For many devices, precleaning moistens and loosens gross clinical soil and makes the subsequent cleaning steps more efficient. This should be performed as soon as possible after devices have been used and most often includes just the use of water. Other chemicals that may be available in surgical or clinical practice (eg, antiseptics and saline solutions) should be avoided due to the potential for device damage and other complications. Close attention to rinsing devices at this stage can reduce the gross clinical soil load in the subsequent cleaning steps. Manual cleaning in many countries is the most widely used method performed to thoroughly clean devices using a variety of methods such as immersion, wiping, brushing, and flushing. If a device is able to go through an automated process, this method is preferred and is often conducted in addition to manual cleaning steps when appropriate. This allows minimal handling of contaminated devices and allows for larger processing capacity. The automated process, such as in washer-disinfectors, combines cleaning with disinfection (and often drying) to allow devices to be safely used or handled for packaging depending on the terminal antimicrobial process applicable. The steps for a manual cleaning may typically include

  • Prerinsing to remove soil

  • Washing with a detergent-based formulation diluted according to manufacturer’s recommendations and at the appropriate water temperature

  • Soaking, brushing, and flushing (as applicable for the device type)

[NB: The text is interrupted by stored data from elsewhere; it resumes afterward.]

lemma bilipschitz_withI_ordered:
  assumes "\<And>r r'. r \<in> I \<Longrightarrow> r' \<in> I \<Longrightarrow> r \<le> r' \<Longrightarrow>
             (r' - r) / K \<le> dist (\<gamma> r) (\<gamma> r') \<and> dist (\<gamma> r) (\<gamma> r') \<le> K * (r' - r)"
  shows "bilipschitz_with K I \<gamma>"
  unfolding bilipschitz_with_def
proof (intro ballI)
  fix r r' assume "r \<in> I" "r' \<in> I"
  then show "\<bar>r - r'\<bar> / K \<le> dist (\<gamma> r) (\<gamma> r') \<and> dist (\<gamma> r) (\<gamma> r') \<le> K * \<bar>r - r'\<bar>"
    using assms[of r r'] assms[of r' r] by (cases "r \<le> r'") (auto simp: dist_commute)
qed

lemma bilipschitz_with_imp_continuous_on:
  assumes "bilipschitz_with K I \<gamma>" "0 \<le> K"
  shows "continuous_on I \<gamma>"
proof (rule lipschitz_on_continuous_on)
  show "K-lipschitz_on I \<gamma>"
    using assms unfolding bilipschitz_with_def lipschitz_on_def by (auto simp: dist_real_def)
qed
lemma emeasure_cball_le_vol:
  assumes "sets \<mu> = sets borel" "z \<in> dcomp R x"
  shows "emeasure \<mu> (cball z R) \<le> vol \<mu> R x 1"
proof -
  have "emeasure \<mu> (cball z R) \<le> outer_mu \<mu> (dball R z 1)"
    by (rule emeasure_le_outer_mu) (use assms(1) cball_subset_dball in auto)
  also have "\<dots> \<le> vol \<mu> R x 1" unfolding vol_def by (rule SUP_upper) (use assms(2) in auto)
  finally show ?thesis .
qed

text \<open>A maximal R-separated subset of B is an R-net of B, so if it had fewer than K points,
  B would be covered by fewer than K balls of measure at most C.\<close>

lemma exists_separated_subset:
  fixes \<mu> :: "'a::metric_space measure" and C :: ennreal
  assumes "sets \<mu> = sets borel" "0 \<le> R"
    and C: "\<And>z. z \<in> B \<Longrightarrow> emeasure \<mu> (cball z R) \<le> C"
    and K: "of_nat K * C < outer_mu \<mu> B"
  shows "\<exists>Q\<subseteq>B. finite Q \<and> K \<le> card Q \<and> (\<forall>q\<in>Q. \<forall>q'\<in>Q. q \<noteq> q' \<longrightarrow> R < dist q q')"
proof (rule ccontr)
  assume neg: "\<not> ?thesis"
  define F where "F = {Q. Q \<subseteq> B \<and> finite Q \<and> card Q \<le> K \<and> (\<forall>q\<in>Q. \<forall>q'\<in>Q. q \<noteq> q' \<longrightarrow> R < dist q q')}"
  have "{} \<in> F" unfolding F_def by auto
  have fin: "finite (card ` F)" by (rule finite_subset[of _ "{..K}"]) (auto simp: F_def)
  have "Max (card ` F) \<in> card ` F" using Max_in[OF fin] \<open>{} \<in> F\<close> by blast
  then obtain Q where Q: "card Q = Max (card ` F)" "Q \<in> F" by (auto elim!: imageE)
  have maxQ: "card Q' \<le> card Q" if "Q' \<in> F" for Q' using Q(1) fin that by simp
  have QB: "Q \<subseteq> B" "finite Q" and Qsep: "\<forall>q\<in>Q. \<forall>q'\<in>Q. q \<noteq> q' \<longrightarrow> R < dist q q'"
    using Q(2) unfolding F_def by auto
  have "\<not> K \<le> card Q" using neg QB Qsep by blast
  then have lt: "card Q < K" by simp
  have cover: "B \<subseteq> (\<Union>q\<in>Q. cball q R)"
  proof
    fix b assume b: "b \<in> B"
    show "b \<in> (\<Union>q\<in>Q. cball q R)"
    proof (rule ccontr)
      assume "b \<notin> (\<Union>q\<in>Q. cball q R)"
      then have far: "\<forall>q\<in>Q. R < dist q b" "\<forall>q\<in>Q. R < dist b q"
        by (simp_all add: not_le dist_commute)
      have "b \<notin> Q"
      proof
        assume "b \<in> Q"
        with far(1) have "R < dist b b" by blast
        with assms(2) show False by simp
      qed
      have "\<forall>q\<in>insert b Q. \<forall>q'\<in>insert b Q. q \<noteq> q' \<longrightarrow> R < dist q q'"
        using Qsep far by blast
      moreover have "card (insert b Q) \<le> K" using lt QB(2) \<open>b \<notin> Q\<close> by simp
      ultimately have "insert b Q \<in> F" unfolding F_def using QB b by simp
      then have "card (insert b Q) \<le> card Q" by (rule maxQ)
      then show False using \<open>b \<notin> Q\<close> QB(2) by simp
    qed
  qed
  have balls: "cball q R \<in> sets \<mu>" for q using assms(1) by simp
  have "outer_mu \<mu> B \<le> emeasure \<mu> (\<Union>q\<in>Q. cball q R)"
    by (rule outer_mu_le_emeasure[OF _ cover]) (use balls QB(2) in auto)
  also have "\<dots> \<le> (\<Sum>q\<in>Q. emeasure \<mu> (cball q R))"
    by (rule emeasure_subadditive_finite) (use balls QB(2) in auto)
  also have "\<dots> \<le> (\<Sum>q\<in>Q. C)" by (rule sum_mono) (use C QB(1) in auto)
  also have "\<dots> = of_nat (card Q) * C" by simp
  also have "\<dots> \<le> of_nat K * C" using lt by (intro mult_right_mono) auto
  finally show False using K by simp
qed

  • Rinsing to remove any remnants of soil and cleaning chemistries

  • Manual disinfection and/or drying as appropriate

The steps for a manual cleaning with the use of ultrasonics can include

  • Prerinsing to remove soil

  • Washing with a detergent-based solution diluted according to manufacturer’s recommendations and used at the appropriate water temperature

  • Soaking, brushing, and flushing (as applicable for the device type)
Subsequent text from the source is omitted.